» Activity
In the entries below, how many lines hold the string "auto"? Give only the number.

» Exercise materials
(* Let $X\subseteq\mathbb{C}^n$ be a complex analytic variety, $x\in X$, and $M$ an $\mathcal{O}_{X,x}$-submodule of $\mathcal{O}_{X,x}^p$. Then $M_{S_1}\subseteq M_{S_2}$.
   Context: $\pi_1,\pi_2:X\times X\to X$ are the projections. For $h\in\mathcal{O}_{X,x}^p$ (or $\mathcal{O}_{X,x}$), $h_D=(h\circ\pi_1,h\circ\pi_2)$; for a submodule $M$ (or ideal), $M_D$ is the submodule over $\mathcal{O}_{X\times X,(x,x)}$ generated by $\{h_D:h\in M\}$. $\overline{N}$ is integral closure. For an ideal $I$, $I_S$ is its Lipschitz saturation, characterized by $f\in I_S$ iff $f_D\in\overline{I_D}$ (equivalently $\pi_S^*(f)\in\pi_S^*(I)$ for the saturated blow-up $\pi_S:SB_I(X)\to X$). For an analytic map germ $\psi=(\psi_1,\dots,\psi_p):X\to\mathrm{Hom}(\mathbb{C}^p,\mathbb{C})$, $\psi\cdot h=\sum_i\psi_ih_i$ and $\psi\cdot M$ is the ideal generated by $\{\psi\cdot g:g\in M\}$. $M_{S_1}=\{h: h_D\in\overline{M_D}\}$; $M_{S_2}=\{h:\psi\cdot h\in(\psi\cdot M)_S\ \forall\psi\}$. *)

theory Defs
  imports "HOL-Analysis.Analysis"
begin

definition cJ :: "complex^'n \<Rightarrow> complex^'n" where
  "cJ v = \<i> *s v"

definition cJ2 :: "(complex^'n) \<times> (complex^'n) \<Rightarrow> (complex^'n) \<times> (complex^'n)" where
  "cJ2 w = (\<i> *s fst w, \<i> *s snd w)"

definition holo_on :: "('a::real_normed_vector \<Rightarrow> 'a) \<Rightarrow> 'a set \<Rightarrow> ('a \<Rightarrow> complex) \<Rightarrow> bool" where
  "holo_on J U f \<longleftrightarrow> open U \<and>
     (\<forall>z\<in>U. \<exists>D. (f has_derivative D) (at z) \<and> (\<forall>v. D (J v) = \<i> * D v))"

definition germ_at :: "('a::real_normed_vector \<Rightarrow> 'a) \<Rightarrow> 'a \<Rightarrow> ('a \<Rightarrow> complex) \<Rightarrow> bool" where
  "germ_at J y f \<longleftrightarrow> (\<exists>U. y \<in> U \<and> holo_on J U f)"

definition vgerm_at :: "('a::real_normed_vector \<Rightarrow> 'a) \<Rightarrow> 'a \<Rightarrow> ('a \<Rightarrow> 'i \<Rightarrow> complex) \<Rightarrow> bool" where
  "vgerm_at J y h \<longleftrightarrow> (\<forall>i. germ_at J y (\<lambda>z. h z i))"

text \<open>Equality of germs on the variety Y at y (i.e. equality in O_{Y,y}).\<close>

definition germ_eq_on :: "'a::topological_space set \<Rightarrow> 'a \<Rightarrow> ('a \<Rightarrow> 'b) \<Rightarrow> ('a \<Rightarrow> 'b) \<Rightarrow> bool" where
  "germ_eq_on Y y f g \<longleftrightarrow> (\<exists>U. open U \<and> y \<in> U \<and> (\<forall>z\<in>U \<inter> Y. f z = g z))"

definition analytic_variety :: "(complex^'n) set \<Rightarrow> bool" where
  "analytic_variety X \<longleftrightarrow>
     (\<forall>z\<in>X. \<exists>U (k::nat) g. z \<in> U \<and> (\<forall>j<k. holo_on cJ U (g j)) \<and>
        X \<inter> U = {w\<in>U. \<forall>j<k. g j w = 0})"

text \<open>O_{Y,y}-submodule of O_{Y,y}^I, represented by the set of all its representatives.\<close>

definition is_submodule :: "('a::real_normed_vector \<Rightarrow> 'a) \<Rightarrow> 'a set \<Rightarrow> 'a \<Rightarrow> ('a \<Rightarrow> 'i \<Rightarrow> complex) set \<Rightarrow> bool" where
  "is_submodule J Y y M \<longleftrightarrow>
     (\<forall>h\<in>M. vgerm_at J y h) \<and> (\<lambda>z i. 0) \<in> M \<and>
     (\<forall>g\<in>M. \<forall>h\<in>M. (\<lambda>z i. g z i + h z i) \<in> M) \<and>
     (\<forall>a. \<forall>h\<in>M. germ_at J y a \<longrightarrow> (\<lambda>z i. a z * h z i) \<in> M) \<and>
     (\<forall>h\<in>M. \<forall>g. vgerm_at J y g \<and> germ_eq_on Y y g h \<longrightarrow> g \<in> M)"

definition gen_mod :: "('a::real_normed_vector \<Rightarrow> 'a) \<Rightarrow> 'a set \<Rightarrow> 'a \<Rightarrow> ('a \<Rightarrow> 'i \<Rightarrow> complex) set \<Rightarrow> ('a \<Rightarrow> 'i \<Rightarrow> complex) set" where
  "gen_mod J Y y S = {h. vgerm_at J y h \<and>
     (\<exists>(k::nat) a g. (\<forall>j<k. germ_at J y (a j) \<and> g j \<in> S) \<and>
        germ_eq_on Y y h (\<lambda>z i. \<Sum>j<k. a j z * g j z i))}"

definition curve_at :: "('a::real_normed_vector \<Rightarrow> 'a) \<Rightarrow> 'a set \<Rightarrow> 'a \<Rightarrow> (complex \<Rightarrow> 'a) \<Rightarrow> bool" where
  "curve_at J Y y \<phi> \<longleftrightarrow> \<phi> 0 = y \<and>
     (\<exists>U. open U \<and> 0 \<in> U \<and> \<phi> ` U \<subseteq> Y \<and>
        (\<forall>t\<in>U. \<exists>D. (\<phi> has_derivative D) (at t) \<and> (\<forall>s. D (\<i> * s) = J (D s))))"

text \<open>Integral closure of a submodule N of O_{Y,y}^I (curve criterion / Gaffney's definition):
  h is in the closure iff for every curve phi, h o phi lies in the O_1-module phi^*(N) O_1.\<close>

definition int_cl :: "('a::real_normed_vector \<Rightarrow> 'a) \<Rightarrow> 'a set \<Rightarrow> 'a \<Rightarrow> ('a \<Rightarrow> 'i \<Rightarrow> complex) set \<Rightarrow> ('a \<Rightarrow> 'i \<Rightarrow> complex) set" where
  "int_cl J Y y N = {h. vgerm_at J y h \<and>
     (\<forall>\<phi>. curve_at J Y y \<phi> \<longrightarrow>
       (\<exists>(k::nat) a g. (\<forall>j<k. (\<exists>U. open U \<and> 0 \<in> U \<and> a j holomorphic_on U) \<and> g j \<in> N) \<and>
          (\<forall>\<^sub>F t in nhds 0. \<forall>i. h (\<phi> t) i = (\<Sum>j<k. a j t * g j (\<phi> t) i))))}"

text \<open>The double h_D = (h o pi1, h o pi2), a 2p-tuple indexed by 'i + 'i.\<close>

definition dbl :: "('b \<Rightarrow> 'i \<Rightarrow> complex) \<Rightarrow> ('b \<times> 'b \<Rightarrow> 'i + 'i \<Rightarrow> complex)" where
  "dbl h = (\<lambda>w. case_sum (h (fst w)) (h (snd w)))"

text \<open>Ideals of O_{X,x} are represented as submodules of O_{X,x}^1, i.e. index type unit.\<close>

definition pdot :: "('b \<Rightarrow> 'p::finite \<Rightarrow> complex) \<Rightarrow> ('b \<Rightarrow> 'p \<Rightarrow> complex) \<Rightarrow> ('b \<Rightarrow> unit \<Rightarrow> complex)" where
  "pdot \<psi> h = (\<lambda>z _. \<Sum>i\<in>UNIV. \<psi> z i * h z i)"

definition lip_sat :: "(complex^'n) set \<Rightarrow> complex^'n \<Rightarrow> (complex^'n \<Rightarrow> unit \<Rightarrow> complex) set \<Rightarrow> (complex^'n \<Rightarrow> unit \<Rightarrow> complex) set" where
  "lip_sat X x I = {f. vgerm_at cJ x f \<and>
     dbl f \<in> int_cl cJ2 (X \<times> X) (x, x) (gen_mod cJ2 (X \<times> X) (x, x) (dbl ` I))}"

definition M_S1 :: "(complex^'n) set \<Rightarrow> complex^'n \<Rightarrow> (complex^'n \<Rightarrow> 'p::finite \<Rightarrow> complex) set \<Rightarrow> (complex^'n \<Rightarrow> 'p \<Rightarrow> complex) set" where
  "M_S1 X x M = {h. vgerm_at cJ x h \<and>
     dbl h \<in> int_cl cJ2 (X \<times> X) (x, x) (gen_mod cJ2 (X \<times> X) (x, x) (dbl ` M))}"

definition M_S2 :: "(complex^'n) set \<Rightarrow> complex^'n \<Rightarrow> (complex^'n \<Rightarrow> 'p::finite \<Rightarrow> complex) set \<Rightarrow> (complex^'n \<Rightarrow> 'p \<Rightarrow> complex) set" where
  "M_S2 X x M = {h. vgerm_at cJ x h \<and>
     (\<forall>\<psi>. vgerm_at cJ x \<psi> \<longrightarrow> pdot \<psi> h \<in> lip_sat X x (gen_mod cJ X x (pdot \<psi> ` M)))}"

end

theory Submission
  imports Defs
begin

text \<open>Multiplying a tuple of germs on X by a germ \<psi> commutes with doubling, once \<psi> is doubled to
  the block-diagonal matrix diag(\<psi> o pi1, \<psi> o pi2). Multiplication by a matrix of germs maps
  generated submodules into generated submodules and integral closures into integral closures,
  because it commutes with the finite linear combinations occurring in both definitions. The
  doubled \<psi> sends M_D into (\<psi> M)_D, hence h_D in the closure of M_D gives (\<psi> h)_D in the
  closure of (\<psi> M)_D. The argument is formal: it never uses that X is a variety.\<close>

definition holo_at :: "('a::real_normed_vector \<Rightarrow> 'a) \<Rightarrow> ('a \<Rightarrow> complex) \<Rightarrow> 'a \<Rightarrow> bool" where
  "holo_at J f z \<longleftrightarrow> (\<exists>D. (f has_derivative D) (at z) \<and> (\<forall>v. D (J v) = \<i> * D v))"

lemma germ_at_iff_eventually: "germ_at J y f \<longleftrightarrow> (\<forall>\<^sub>F z in nhds y. holo_at J f z)"
  by (auto simp: germ_at_def holo_on_def holo_at_def eventually_nhds)

lemma holo_at_const: "holo_at J (\<lambda>z. c) z"
  unfolding holo_at_def by (auto intro!: exI[of _ "\<lambda>v. 0"])

lemma holo_at_add:
  assumes "holo_at J f z" "holo_at J g z"
  shows "holo_at J (\<lambda>z. f z + g z) z"
proof -
  obtain D1 D2 where "(f has_derivative D1) (at z)" "(g has_derivative D2) (at z)"
    and "\<forall>v. D1 (J v) = \<i> * D1 v" "\<forall>v. D2 (J v) = \<i> * D2 v"
    using assms unfolding holo_at_def by blast
  then show ?thesis
    unfolding holo_at_def
    by (intro exI[of _ "\<lambda>v. D1 v + D2 v"]) (simp add: distrib_left)
qed

lemma holo_at_mult:
  assumes "holo_at J f z" "holo_at J g z"
  shows "holo_at J (\<lambda>z. f z * g z) z"
proof -
  obtain D1 D2 where D: "(f has_derivative D1) (at z)" "(g has_derivative D2) (at z)"
    and "\<forall>v. D1 (J v) = \<i> * D1 v" "\<forall>v. D2 (J v) = \<i> * D2 v"
    using assms unfolding holo_at_def by blast
  with has_derivative_mult[OF D] show ?thesis
    unfolding holo_at_def
    by (intro exI[of _ "\<lambda>v. f z * D2 v + D1 v * g z"]) (simp add: algebra_simps)
qed

lemma holo_at_compose_linear:
  assumes "holo_at J f (L z)" "bounded_linear L" "\<And>v. L (K v) = J (L v)"
  shows "holo_at K (\<lambda>z. f (L z)) z"
proof -
  obtain D where "(f has_derivative D) (at (L z))" "\<forall>v. D (J v) = \<i> * D v"
    using assms(1) unfolding holo_at_def by blast
  then show ?thesis
    unfolding holo_at_def using assms(2,3)
    by (intro exI[of _ "\<lambda>v. D (L v)"])
      (simp add: has_derivative_compose[OF bounded_linear_imp_has_derivative])
qed

lemma germ_at_const: "germ_at J y (\<lambda>z. c)"
  unfolding germ_at_iff_eventually by (rule always_eventually) (simp add: holo_at_const)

» Solved exercise
2